Такой поворот в исследовании представляется вполне адекватным самой истории формирования эволюционной эпистемологии. Вместе с тем, он отвечает запросам философского уровня исследований. По отношению к конкретной, эволюционно–эпистемологической сфере знания философия выполняет эвристическую, в первую очередь, пропедевтическую функцию. Наконец, в более широком контексте, философская оценка места эволюционной эпистемологии примыкает к общечеловеческой, гуманистически оправданной задаче поиска ответа на вопрос: кто мы?
Обратимся, однако, к тому, что обычно именуют историей вопроса. Так, интегративный смысл понятия “эволюция” должен быть используем в качестве сквозного понятия, а также совершенно определенного принципа исследования применительно ко всему комплексу аспектов современной эволюционной эпистемологии. В таком случае, ответы на вопрос “кто мы?” или “откуда мы?”, при всей видимой широте и гипотетичности , сужаются до интерпретации их в контексте собственно биологической эволюции, возвращая нас к теоретическим истокам вопроса, в частности, к учению Ч.Дарвина.
Величайшей заслугой Дарвина было доказательство того, что мир и все его живые сообщества развиваются через естественный отбор. Другими словами, естественному отбору предшествует совокупность природных условий, преобразующих и организующих среду в направлении жизни. Природные факторы способствуют возникновению живых организмов и их различных сообществ, видовое разнообразие которых обусловлено естественным отбором. Поэтому основной закон жизни, сформулированный Дарвином, может быть передан следующим образом: чем больше организмов рождается и умирает, т.е. имеет возможность развиться и “победить” в борьбе за существование, тем больше шансов у них для сохранения.
Современная экологическая наука идет дальше. Она утверждает закон многообразия форм жизни как одно из условий сохранения целостности эволюционно сформировавшейся биосферы. Не так ли обстоит дело и с научными теориями (или гипотезами), наличие многообразия которых укрепляет теоретическую базу науки, стимулирует развитие той или иной научной дисциплины.

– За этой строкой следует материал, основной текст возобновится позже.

(* Let $I$ be a fuzzy implication function and $T$ a t-norm, and suppose $I$ satisfies the ordering property: $I(x,y)=1\iff x\le y$, for all $x,y\in[0,1]$. Then $I$ satisfies the monotonicity of the generalized modus ponens with respect to $T$ (i.e. $T(\tilde x,I(\tilde x,y))\le T(x,I(x,y))$ for all $x,\tilde x,y\in[0,1]$ with $\tilde x\le x$) if and only if, for every $y\in[0,1)$, the function $f_y:[y,1]\to[0,1]$, $f_y(x)=T(x,I(x,y))$, is increasing.
   Context: A fuzzy implication function is a map $I:[0,1]^2\to[0,1]$ decreasing in the first variable, increasing in the second, with $I(0,0)=I(1,1)=1$, $I(1,0)=0$. A t-norm is a commutative, associative binary operation on $[0,1]$, increasing in both variables, with neutral element $1$. "Increasing" means non-decreasing. *)

theory Defs
  imports Main "HOL.Real"
begin


definition fuzzy_implication :: "(real \<Rightarrow> real \<Rightarrow> real) \<Rightarrow> bool" where
  "fuzzy_implication I \<longleftrightarrow>
     (\<forall>x\<in>{0..1}. \<forall>y\<in>{0..1}. I x y \<in> {0..1}) \<and>
     (\<forall>x1\<in>{0..1}. \<forall>x2\<in>{0..1}. \<forall>y\<in>{0..1}. x1 \<le> x2 \<longrightarrow> I x2 y \<le> I x1 y) \<and>
     (\<forall>x\<in>{0..1}. \<forall>y1\<in>{0..1}. \<forall>y2\<in>{0..1}. y1 \<le> y2 \<longrightarrow> I x y1 \<le> I x y2) \<and>
     I 0 0 = 1 \<and> I 1 1 = 1 \<and> I 1 0 = 0"

definition t_norm :: "(real \<Rightarrow> real \<Rightarrow> real) \<Rightarrow> bool" where
  "t_norm T \<longleftrightarrow>
     (\<forall>x\<in>{0..1}. \<forall>y\<in>{0..1}. T x y \<in> {0..1}) \<and>
     (\<forall>x\<in>{0..1}. \<forall>y\<in>{0..1}. T x y = T y x) \<and>
     (\<forall>x\<in>{0..1}. \<forall>y\<in>{0..1}. \<forall>z\<in>{0..1}. T x (T y z) = T (T x y) z) \<and>
     (\<forall>x1\<in>{0..1}. \<forall>x2\<in>{0..1}. \<forall>y\<in>{0..1}. x1 \<le> x2 \<longrightarrow> T x1 y \<le> T x2 y) \<and>
     (\<forall>x\<in>{0..1}. T x 1 = x)"

definition ordering_property :: "(real \<Rightarrow> real \<Rightarrow> real) \<Rightarrow> bool" where
  "ordering_property I \<longleftrightarrow> (\<forall>x\<in>{0..1}. \<forall>y\<in>{0..1}. I x y = 1 \<longleftrightarrow> x \<le> y)"

definition monotone_GMP :: "(real \<Rightarrow> real \<Rightarrow> real) \<Rightarrow> (real \<Rightarrow> real \<Rightarrow> real) \<Rightarrow> bool" where
  "monotone_GMP I T \<longleftrightarrow>
     (\<forall>x\<in>{0..1}. \<forall>xt\<in>{0..1}. \<forall>y\<in>{0..1}. xt \<le> x \<longrightarrow> T xt (I xt y) \<le> T x (I x y))"

end

theory Submission
  imports Defs
begin

text \<open>Write \<open>f\<^sub>y x = T x (I x y)\<close>; monotonicity of the generalized modus ponens says exactly
  that every \<open>f\<^sub>y\<close> is increasing on \<open>[0,1]\<close>. By the ordering property \<open>I x y = 1\<close> for
  \<open>x \<le> y\<close>, so \<open>f\<^sub>y\<close> is the identity on \<open>[0,y]\<close>. A function increasing on \<open>[0,y]\<close> and on
  \<open>[y,1]\<close> is increasing on \<open>[0,1]\<close>, so only the restriction to \<open>[y,1]\<close> matters, and for
  \<open>y = 1\<close> that restriction is trivially increasing.\<close>

lemma mono_on_atLeastAtMost_glue:
  fixes f :: "'a::linorder \<Rightarrow> 'b::order"
  assumes "mono_on {a..c} f" and "mono_on {c..b} f"
  shows "mono_on {a..b} f"
proof (rule mono_onI)
  fix r s assume r: "r \<in> {a..b}" and s: "s \<in> {a..b}" and "r \<le> s"
  consider "s \<le> c" | "c \<le> r" | "r < c" "c < s" by fastforce
  then show "f r \<le> f s"
  proof cases
    case 1
    then show ?thesis using mono_onD[OF assms(1)] r s \<open>r \<le> s\<close> by auto
  next
    case 2
    then show ?thesis using mono_onD[OF assms(2)] r s \<open>r \<le> s\<close> by auto
  next
    case 3
    then have "f r \<le> f c" using mono_onD[OF assms(1)] r by auto
    also have "f c \<le> f s" using 3 mono_onD[OF assms(2)] s by auto
    finally show ?thesis .
  qed
qed

lemma t_norm_one_right: "t_norm T \<Longrightarrow> x \<in> {0..1} \<Longrightarrow> T x 1 = x"
  unfolding t_norm_def by blast

lemma ordering_propertyD:
  "ordering_property I \<Longrightarrow> x \<in> {0..1} \<Longrightarrow> y \<in> {0..1} \<Longrightarrow> I x y = 1 \<longleftrightarrow> x \<le> y"
  unfolding ordering_property_def by blast

lemma t_norm_implication_eq_left:
  assumes "t_norm T" and "ordering_property I"
    and "x \<in> {0..1}" and "y \<in> {0..1}" and "x \<le> y"
  shows "T x (I x y) = x"
proof -
  have "I x y = 1" using assms(2-5) by (simp add: ordering_propertyD)
  then show ?thesis using assms(1,3) by (simp add: t_norm_one_right)
qed

lemma mono_on_t_norm_implication_below:
  assumes "t_norm T" and "ordering_property I" and "y \<in> {0..1}"
  shows "mono_on {0..y} (\<lambda>x. T x (I x y))"
  using assms by (intro mono_onI) (simp add: t_norm_implication_eq_left)

lemma monotone_GMP_iff_mono_on:
  "monotone_GMP I T \<longleftrightarrow> (\<forall>y\<in>{0..1}. mono_on {0..1} (\<lambda>x. T x (I x y)))"
  unfolding monotone_GMP_def mono_on_def by blast

theorem proposition10:
  fixes I T :: "real \<Rightarrow> real \<Rightarrow> real"
  assumes "fuzzy_implication I" and "t_norm T" and "ordering_property I"
  shows "monotone_GMP I T \<longleftrightarrow>
    (\<forall>y\<in>{0..<1}. mono_on {y..1} (\<lambda>x. T x (I x y)))"
proof -
  have "mono_on {0..1} (\<lambda>x. T x (I x y)) \<longleftrightarrow> mono_on {y..1} (\<lambda>x. T x (I x y))"
    if "y \<in> {0..1}" for y
    using that mono_on_atLeastAtMost_glue mono_on_t_norm_implication_below[OF assms(2,3) that]
      mono_on_subset[of "{0..1}" _ "{y..1}"] by auto
  then have "monotone_GMP I T \<longleftrightarrow> (\<forall>y\<in>{0..1}. mono_on {y..1} (\<lambda>x. T x (I x y)))"
    by (simp add: monotone_GMP_iff_mono_on)
  also have "\<dots> \<longleftrightarrow> (\<forall>y\<in>{0..<1}. mono_on {y..1} (\<lambda>x. T x (I x y)))"
  proof -
    have "mono_on {1..1} (\<lambda>x. T x (I x 1))" by (simp add: mono_on_def)
    then show ?thesis by (metis atLeastAtMost_iff atLeastLessThan_iff order_less_le)
  qed
  finally show ?thesis .
qed

end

При достаточном количестве времени, когда организмы успевают развиться и “победить” в борьбе за существование, такой процесс, на своем единичном уровне, повторяет эволюционный процесс глобального масштаба, который приводит к совершенствованию организмов и выработке механизмов адаптации их к среде обитания, к коадаптации. В борьбе за существование “побеждают”, выживают и коэволюционируют только те виды, которые наиболее приспособлены к условиям среды.

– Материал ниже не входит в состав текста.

definition stack_grad :: "('n::finite \<Rightarrow> real^'d \<Rightarrow> real^'d) \<Rightarrow> real^'d^'n \<Rightarrow> real^'d^'n" where
  "stack_grad g x = (\<chi> i. g i (x$i))"

text \<open>State (x^k, d^k, q^k) of the algorithm, driven by noises W k = w^k, E k = e^k.\<close>
fun alg_state ::
  "real^'n^'n \<Rightarrow> real \<Rightarrow> real \<Rightarrow> real \<Rightarrow> (nat \<Rightarrow> real) \<Rightarrow> ('n::finite \<Rightarrow> real^'d \<Rightarrow> real^'d)
   \<Rightarrow> real^'d^'n \<Rightarrow> (nat \<Rightarrow> real^'d^'n) \<Rightarrow> (nat \<Rightarrow> real^'d^'n) \<Rightarrow> nat
   \<Rightarrow> (real^'d^'n) \<times> (real^'d^'n) \<times> (real^'d^'n)" where
  "alg_state P \<rho> \<alpha> \<beta> \<eta> g x0 W E 0 = (x0, 0, 0)"
| "alg_state P \<rho> \<alpha> \<beta> \<eta> g x0 W E (Suc k) =
     (let (x, d, q) = alg_state P \<rho> \<alpha> \<beta> \<eta> g x0 W E k;
          y = x + (1 - \<eta> k) *\<^sub>R d + W k;
          z = stack_grad g x + \<eta> k *\<^sub>R q + \<rho> *\<^sub>R Lop P y + E k
      in (x + W k - \<alpha> *\<^sub>R (z - E k) + \<beta> *\<^sub>R Lop P z,
          \<eta> k *\<^sub>R d + y,
          \<eta> k *\<^sub>R q + \<rho> *\<^sub>R Lop P y))"

text \<open>Transmitted quantities (y^k, z^k) at iteration k.\<close>
definition alg_obs ::
  "real^'n^'n \<Rightarrow> real \<Rightarrow> real \<Rightarrow> real \<Rightarrow> (nat \<Rightarrow> real) \<Rightarrow> ('n::finite \<Rightarrow> real^'d \<Rightarrow> real^'d)
   \<Rightarrow> real^'d^'n \<Rightarrow> (nat \<Rightarrow> real^'d^'n) \<Rightarrow> (nat \<Rightarrow> real^'d^'n) \<Rightarrow> nat
   \<Rightarrow> (real^'d^'n) \<times> (real^'d^'n)" where
  "alg_obs P \<rho> \<alpha> \<beta> \<eta> g x0 W E k =
     (let (x, d, q) = alg_state P \<rho> \<alpha> \<beta> \<eta> g x0 W E k;
          y = x + (1 - \<eta> k) *\<^sub>R d + W k;
          z = stack_grad g x + \<eta> k *\<^sub>R q + \<rho> *\<^sub>R Lop P y + E k
      in (y, z))"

Современная интерпретация “биологического смысла” эволюции сопряжена с указанием на необратимый характер процесса, который ведет к усложнению, дифференциации и повышению уровня организации. Допускается также и так называемая фиксированная форма эволюции, при которой наблюдается сохранение общего уровня организации. Наконец, эволюцию рассматривают лишь как определенное количественное изменение, которое закономерно может привести к качественному изменению.

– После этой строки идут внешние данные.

lemma omega_limit_subset_funpow_start: "omega_limit f x \<subseteq> omega_limit f ((f ^^ c) x)"
proof
  fix z assume "z \<in> omega_limit f x"
  then obtain r where r: "strict_mono r" "(\<lambda>k. (f ^^ r k) x) \<longlonglongrightarrow> z"
    unfolding omega_limit_def by auto
  define r' where "r' k = r (k + c) - c" for k
  have "r (k + c) \<ge> c" for k
    using seq_suble[OF r(1), of "k + c"] by simp
  then have "strict_mono r'" "(f ^^ r' k) ((f ^^ c) x) = (f ^^ r (k + c)) x" for k
    using r(1) unfolding r'_def strict_mono_def
    by (auto simp: diff_less_mono funpow_diff_apply)
  moreover have "(\<lambda>k. (f ^^ r (k + c)) x) \<longlonglongrightarrow> z"
    using LIMSEQ_ignore_initial_segment[OF r(2)] .
  ultimately show "z \<in> omega_limit f ((f ^^ c) x)"
    unfolding omega_limit_def by auto
qed

lemma tendsto_funpow_orbit:
  assumes "closed X" "continuous_on X f" "f ` X \<subseteq> X" "x \<in> X"
    and "(\<lambda>k. (f ^^ r k) x) \<longlonglongrightarrow> z"
  shows "(\<lambda>k. (f ^^ j) ((f ^^ r k) x)) \<longlonglongrightarrow> (f ^^ j) z"
proof (rule continuous_on_tendsto_compose[OF continuous_on_funpow[OF assms(2,3)] assms(5)])
  show "z \<in> X"
    using Lim_in_closed_set[OF assms(1) _ _ assms(5)] funpow_mem[OF assms(3,4)] by simp
qed (simp add: funpow_mem[OF assms(3,4)])

lemma funpow_mem_omega_limit:
  assumes "closed X" "continuous_on X f" "f ` X \<subseteq> X" "x \<in> X" "z \<in> omega_limit f x"
  shows "(f ^^ j) z \<in> omega_limit f x"
proof -
  obtain r where r: "strict_mono r" "(\<lambda>k. (f ^^ r k) x) \<longlonglongrightarrow> z"
    using assms(5) unfolding omega_limit_def by auto
  have "strict_mono (\<lambda>k. j + r k)"
    using r(1) by (simp add: strict_mono_def)
  moreover have "(\<lambda>k. (f ^^ (j + r k)) x) \<longlonglongrightarrow> (f ^^ j) z"
    using tendsto_funpow_orbit[OF assms(1-4) r(2)] by (simp add: funpow_add)
  ultimately show ?thesis
    unfolding omega_limit_def by blast
qed

lemma finite_omega_limit_if_funpow_eq:
  assumes "(f ^^ c) x = (f ^^ d) x" "c < d"
  shows "finite (omega_limit f x)"
proof -
  let ?F = "(\<lambda>i. (f ^^ i) x) ` {..<d}"
  have "(f ^^ n) x \<in> ?F" for n
  proof (induct n rule: less_induct)
    case (less n)
    show ?case
    proof (cases "n < d")
      case False
      then have "(f ^^ n) x = (f ^^ (n - d)) ((f ^^ d) x)"
        by (simp add: funpow_diff_apply)
      also have "\<dots> = (f ^^ (n - d + c)) x"
        by (simp add: assms(1)[symmetric] funpow_add)
      finally show ?thesis
        using less[of "n - d + c"] False assms(2) by simp
    qed simp
  qed
  then have "omega_limit f x \<subseteq> ?F"
    by (intro omega_limit_subset_closed finite_imp_closed) simp_all
  then show ?thesis
    by (rule finite_subset) simp
qed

Для целей нашего исследования важно определить значение эволюции, эволюционных идей и концепций для эпистемологии. И здесь стоит привести уже имеющиеся оценки в отношении возможностей эволюционной позиции. Так, давая характеристику идеям биологической эволюции применительно к эпистемологии, Майкл Рьюз отмечает, что “эти идеи еще не были сами по себе сформулированы в удобной по тому времени религиозной форме, однако они способствовали доверию к ним людей, укрепляя веру в то, что Мудрый Отец стоит позади универсума, неустанно повторяя свою работу и гарантируя при этом, что его самое любимое творение — человек — наделен привилегией проникать в истинный смысл реальности”[4]. И когда христианство, с его основополагающей идеей Творца уже не могло удовлетворить запросам исследователей в деле поиска истины, тогда, вероятно, и возникла насущная потребность в развитии науки, с которой были связаны самые благородные устремления. “Широкий интерес к дарвиновской теории эволюции, — пишет Майкл Рьюз, — способствовал возникновению и формированию целого направления, научной школы, которая пыталась найти в рамках эволюционного мышления ключ к объяснению роста, развития и сохранения человеческого понимания”[5].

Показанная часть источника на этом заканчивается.